### [TASK PROMPT]
The required lines are those that contain "noteq"; pull them out of the data and copy them.

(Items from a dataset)
*** Begin section ***

lemma zero_in_A: "(0, 0) \<in> A"
proof -
  have "0 \<in> S1" "0 \<in> S2" using ns1 ns2 by (simp_all add: numerical_semigroup_def)
  then show ?thesis using zero_in_U by (simp add: mem_A_iff)
qed

lemma level_eq_1_iff: "level x = 1 \<longleftrightarrow> x = (0, 0)"
proof -
  have "level x = 1 \<longleftrightarrow> enum_rank u w1 (fst x) = 0 \<and> enum_rank v w2 (snd x) = 0"
    by (simp add: level_def)
  then show ?thesis unfolding rank_u_eq_0_iff rank_v_eq_0_iff by (simp add: prod_eq_iff)
qed

definition apery_level :: "nat \<Rightarrow> (nat \<times> nat) set" where
  "apery_level k = (\<Union>i \<in> {1..w1}. \<Union>j \<in> {1..w2}. if i + j = k then
     {(u i, b) | b. b \<in> S2 \<and> v j < b \<and> (j < w2 \<longrightarrow> b \<le> v (j + 1))}
     \<union> {(a, v j) | a. a \<in> S1 \<and> u i < a \<and> (i < w1 \<longrightarrow> a \<le> u (i + 1))}
   else {})"

lemma mem_apery_level_iff:
  "(a, b) \<in> apery_level k \<longleftrightarrow> (\<exists>i\<in>{1..w1}. \<exists>j\<in>{1..w2}. i + j = k \<and>
     (a = u i \<and> b \<in> S2 \<and> enum_rank v w2 b = j \<or> b = v j \<and> a \<in> S1 \<and> enum_rank u w1 a = i))"
proof -
  have u_rank: "enum_rank u w1 a = i \<longleftrightarrow> u i < a \<and> (i < w1 \<longrightarrow> a \<le> u (i + 1))"
    if "i \<in> {1..w1}" for i
    using enum_rank_eq_iff[OF mono1 that] by simp
  have v_rank: "enum_rank v w2 b = j \<longleftrightarrow> v j < b \<and> (j < w2 \<longrightarrow> b \<le> v (j + 1))"
    if "j \<in> {1..w2}" for j
    using enum_rank_eq_iff[OF mono2 that] by simp
  show ?thesis unfolding apery_level_def using u_rank v_rank by auto
qed

lemma apery_coordinate_cases:
  assumes "a \<in> U \<or> b \<in> V"
  shows "a \<in> U \<and> enum_rank v w2 b \<noteq> 0 \<or> b \<in> V \<and> enum_rank u w1 a \<noteq> 0
    \<or> enum_rank u w1 a = 0 \<and> enum_rank v w2 b = 0"
proof (cases "a \<in> U \<and> b \<in> V")
  case False
  then have "a \<notin> U \<and> b \<in> V \<or> a \<in> U \<and> b \<notin> V" using assms by blast
  then show ?thesis using zero_in_U zero_in_V rank_u_eq_0_iff[of a] rank_v_eq_0_iff[of b] by metis
qed auto

lemma level_set_eq_apery_level:
  assumes k: "2 \<le> k"
  shows "{x \<in> A. level x = k} = apery_level k"
proof (intro set_eqI)
  fix x :: "nat \<times> nat"
  obtain a b where x: "x = (a, b)" by fastforce
  show "x \<in> {x \<in> A. level x = k} \<longleftrightarrow> x \<in> apery_level k"
  proof
    assume "x \<in> {x \<in> A. level x = k}"
    then have ab: "a \<in> S1" "b \<in> S2" "a \<in> U \<or> b \<in> V"
      and lv: "1 + enum_rank u w1 a + enum_rank v w2 b = k"
      by (simp_all add: x mem_A_iff level_def)
    have "a \<in> U \<and> enum_rank v w2 b \<noteq> 0 \<or> b \<in> V \<and> enum_rank u w1 a \<noteq> 0"
      using apery_coordinate_cases[OF ab(3)] lv k by auto
    then show "x \<in> apery_level k"
    proof
      assume asm: "a \<in> U \<and> enum_rank v w2 b \<noteq> 0"
      then obtain i where i: "i \<in> {1..w1}" "a = u i" by blast
      have "enum_rank v w2 b \<in> {1..w2}" using asm enum_rank_le[of v w2 b] by simp
      moreover have "i + enum_rank v w2 b = k" using lv enum_rank_at[OF mono1 i(1)] i by simp
      ultimately show ?thesis unfolding x mem_apery_level_iff using i ab(2) by force
    next
      assume asm: "b \<in> V \<and> enum_rank u w1 a \<noteq> 0"
      then obtain j where j: "j \<in> {1..w2}" "b = v j" by blast
      have "enum_rank u w1 a \<in> {1..w1}" using asm enum_rank_le[of u w1 a] by simp
      moreover have "enum_rank u w1 a + j = k" using lv enum_rank_at[OF mono2 j(1)] j by simp
      ultimately show ?thesis unfolding x mem_apery_level_iff using j ab(1) by force
    qed
  next
    assume "x \<in> apery_level k"
    then obtain i j where ij: "i \<in> {1..w1}" "j \<in> {1..w2}" "i + j = k"
      and "a = u i \<and> b \<in> S2 \<and> enum_rank v w2 b = j \<or> b = v j \<and> a \<in> S1 \<and> enum_rank u w1 a = i"
      unfolding x mem_apery_level_iff by blast
    then show "x \<in> {x \<in> A. level x = k}"
      using enum_rank_at[OF mono1 ij(1)] enum_rank_at[OF mono2 ij(2)] U_subset V_subset
      by (auto simp: x mem_A_iff level_def)
  qed
qed

end

theorem corollary4p5:
  fixes S1 S2 :: "nat set" and w1 w2 :: nat and u v :: "nat \<Rightarrow> nat"
  assumes "numerical_semigroup S1" and "numerical_semigroup S2"
    and "w1 \<in> S1" and "w2 \<in> S2" and "w1 > 0" and "w2 > 0"
    and "strict_mono_on {1..w1} u" and "u ` {1..w1} = apery S1 w1"
    and "strict_mono_on {1..w2} v" and "v ` {1..w2} = apery S2 w2"
  shows "rem (S1 \<times> S2) (apery2 (S1 \<times> S2) (w1, w2)) (w1 + w2) = {}
    \<and> (\<forall>n < w1 + w2. rem (S1 \<times> S2) (apery2 (S1 \<times> S2) (w1, w2)) n \<noteq> {})
    \<and> Dlev (S1 \<times> S2) (apery2 (S1 \<times> S2) (w1, w2)) (w1 + w2 - 1) = {(0, 0)}
    \<and> (\<forall>k \<in> {2..w1 + w2}.
         Dlev (S1 \<times> S2) (apery2 (S1 \<times> S2) (w1, w2)) (w1 + w2 - k) =
         (\<Union>i \<in> {1..w1}. \<Union>j \<in> {1..w2}. if i + j = k then
            {(u i, b) | b. b \<in> S2 \<and> v j < b \<and> (j < w2 \<longrightarrow> b \<le> v (j + 1))}
            \<union> {(a, v j) | a. a \<in> S1 \<and> u i < a \<and> (i < w1 \<longrightarrow> a \<le> u (i + 1))}
          else {}))"
proof -
  interpret apery_product S1 S2 w1 w2 u v
    using assms by unfold_locales auto
  have rem: "rem (S1 \<times> S2) A n = {x \<in> A. level x \<le> w1 + w2 - n}" if "n \<le> w1 + w2" for n
    using rem_eq_sublevel_set[OF level_le Dset_sublevel_set that] .
  have Dlev: "Dlev (S1 \<times> S2) A (w1 + w2 - k) = {x \<in> A. level x = k}" if "1 \<le> k" "k \<le> w1 + w2" for k
    using Dlev_eq_level_set[OF level_le Dset_sublevel_set that] .
  have "level (0, 0) = 1" using level_eq_1_iff by blast
  show ?thesis
  proof (fold apery_level_def, intro conjI allI impI ballI)
    show "rem (S1 \<times> S2) A (w1 + w2) = {}" using rem[of "w1 + w2"] by (simp add: level_def)
    show "rem (S1 \<times> S2) A n \<noteq> {}" if "n < w1 + w2" for n
    proof -
      have "(0, 0) \<in> rem (S1 \<times> S2) A n" using rem[of n] that zero_in_A \<open>level (0, 0) = 1\<close> by simp
      then show ?thesis by blast
    qed
    show "Dlev (S1 \<times> S2) A (w1 + w2 - 1) = {(0, 0)}"
      using Dlev[of 1] pos1 zero_in_A level_eq_1_iff by auto
    show "Dlev (S1 \<times> S2) A (w1 + w2 - k) = apery_level k" if "k \<in> {2..w1 + w2}" for k
      using Dlev[of k] level_set_eq_apery_level[of k] that by simp
  qed
qed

*** End section ***

### [OUTPUT BELOW]
  shows "a \<in> U \<and> enum_rank v w2 b \<noteq> 0 \<or> b \<in> V \<and> enum_rank u w1 a \<noteq> 0
    have "a \<in> U \<and> enum_rank v w2 b \<noteq> 0 \<or> b \<in> V \<and> enum_rank u w1 a \<noteq> 0"
      assume asm: "a \<in> U \<and> enum_rank v w2 b \<noteq> 0"
      assume asm: "b \<in> V \<and> enum_rank u w1 a \<noteq> 0"
    \<and> (\<forall>n < w1 + w2. rem (S1 \<times> S2) (apery2 (S1 \<times> S2) (w1, w2)) n \<noteq> {})
    show "rem (S1 \<times> S2) A n \<noteq> {}" if "n < w1 + w2" for n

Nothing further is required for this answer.